Researchers from LMU, the ORIGINS Excellence Cluster, the Max Planck Institute for Extraterrestrial Physics (MPE), and the ORIGINS Data Science Lab (ODSL) have made a crucial breakthrough within the evaluation of exoplanet atmospheres. Using physics-informed neural networks (PINNs), they’ve managed to model the complex light scattering within the atmospheres of exoplanets with greater precision than has previously been possible. This method opens up recent opportunities for the evaluation of exoplanet atmospheres, especially with regard to the influence of clouds, and will significantly improve our understanding of those distant worlds.
When distant exoplanets pass in front of their star, they block a small portion of the starlight, while a fair smaller portion penetrates the planetary atmosphere. This interaction results in variations in the sunshine spectrum, which mirror the properties of the atmosphere resembling chemical composition, temperature, and cloud cover. To find a way to investigate these measured spectra, nevertheless, scientists require models which might be able to calculating hundreds of thousands of synthetic spectra in a short while. Only by subsequently comparing the calculated spectra with the measured ones will we obtain information in regards to the atmospheric composition of the observed exoplanets. And what’s more, the highly detailed recent observations coming from the James Webb Space Telescope (JWST) necessitate equally detailed and sophisticated atmospheric models.
Rapid solving of complex equations due to AI
A key aspect of exoplanet research is the sunshine scattering within the atmosphere, particularly the scattering off clouds. Previous models were unable to satisfactorily capture this scattering, which led to inaccuracies within the spectral evaluation. Physics-informed neural networks offer a decisive advantage here, as they’re able to efficiently solving complex equations. Within the just-published study, the researchers trained two such networks. The primary model, which was developed without taking light scattering into consideration, demonstrated impressive accuracy with relative errors of mostly under one percent. Meanwhile, the second model incorporated approximations of so-called Rayleigh scattering — the identical effect that makes the sky seem blue on Earth. Although these approximations require further improvement, the neural network was in a position to solve the complex equation, which represents a crucial advance.

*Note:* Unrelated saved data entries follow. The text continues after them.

text \<open>
  A slice chart shows that \<open>M\<close> is curved at most quadratically near \<open>xs\<close>: the tangent projection
  \<open>P(x)\<close> reproduces a chord \<open>y - x\<close> up to \<open>O(|y - x|\<^sup>2)\<close>, and it annihilates a normal vector
  \<open>w - z\<close> (\<open>z\<close> a nearest point of \<open>M\<close> to \<open>w\<close>) up to \<open>O(|x - z| |w - z|)\<close>.
  Let \<open>\<delta>\<close> be the distance of an iterate \<open>x\<close> to the solution set. Comparing the direction \<open>d\<close>
  with the displacement to a nearby solution, (A1) and (A2) give \<open>|d| = O(\<delta>)\<close>; expanding \<open>F\<close> at
  the projected point with (A1) and the curvature bounds gives \<open>|F(x')| = O(\<delta>\<^sup>2)\<close>, and the error
  bound (A3) turns this into \<open>dist(x', solutions) = O(\<delta>\<^sup>2)\<close>. So the distances contract
  quadratically, the steps are summable, and the iterates converge to a point \<open>xh\<close>, which is a
  solution because \<open>F\<close> is continuous and \<open>M\<close> is locally closed. Finally
  \<open>|x(k+1) - xh| = O(dist(x(k+1), solutions)) = O(dist(x(k), solutions) |x(k) - xh|)\<close>
  with \<open>dist(x(k), solutions) \<longrightarrow> 0\<close>, which is superlinear convergence.
\<close>

section \<open>Orthogonal projection onto a subspace\<close>

definition orthogonal_proj :: "(real^'n) set \<Rightarrow> real^'n \<Rightarrow> real^'n" where
  "orthogonal_proj T v = (THE p. p \<in> T \<and> (\<forall>w\<in>T. (v - p) \<bullet> w = 0))"

lemma orthogonal_proj_eqI:
  assumes T: "subspace T" and p: "p \<in> T" "\<forall>w\<in>T. (v - p) \<bullet> w = 0"
  shows "orthogonal_proj T v = p"
  unfolding orthogonal_proj_def
proof (rule the_equality)
  fix p' assume p': "p' \<in> T \<and> (\<forall>w\<in>T. (v - p') \<bullet> w = 0)"
  then have "p' - p \<in> T" using p T by (simp add: subspace_diff)
  then have "(v - p) \<bullet> (p' - p) = 0" "(v - p') \<bullet> (p' - p) = 0" using p p' by auto
  then have "(p' - p) \<bullet> (p' - p) = 0" by (simp add: inner_diff_left inner_diff_right)
  then show "p' = p" by simp
qed (use p in auto)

Interdisciplinary collaboration
These recent findings were possible due to a singular interdisciplinary collaboration between physicists from LMU Munich, the ORIGINS Excellence Cluster, the Max Planck Institute for Extraterrestrial Physics (MPE) and the ORIGINS Data Science Lab (ODSL), which is specialized in the event of latest AI-based methods in physics. “This synergy not only advances exoplanet research, but additionally opens up recent horizons for the event of AI-based methods in physics,” explains lead creator of the study David Dahlbüdding from LMU. “We would like to further expand our interdisciplinary collaboration in the long run to simulate the scattering of sunshine off clouds with greater precision and thus make full use of the potential of neural networks.”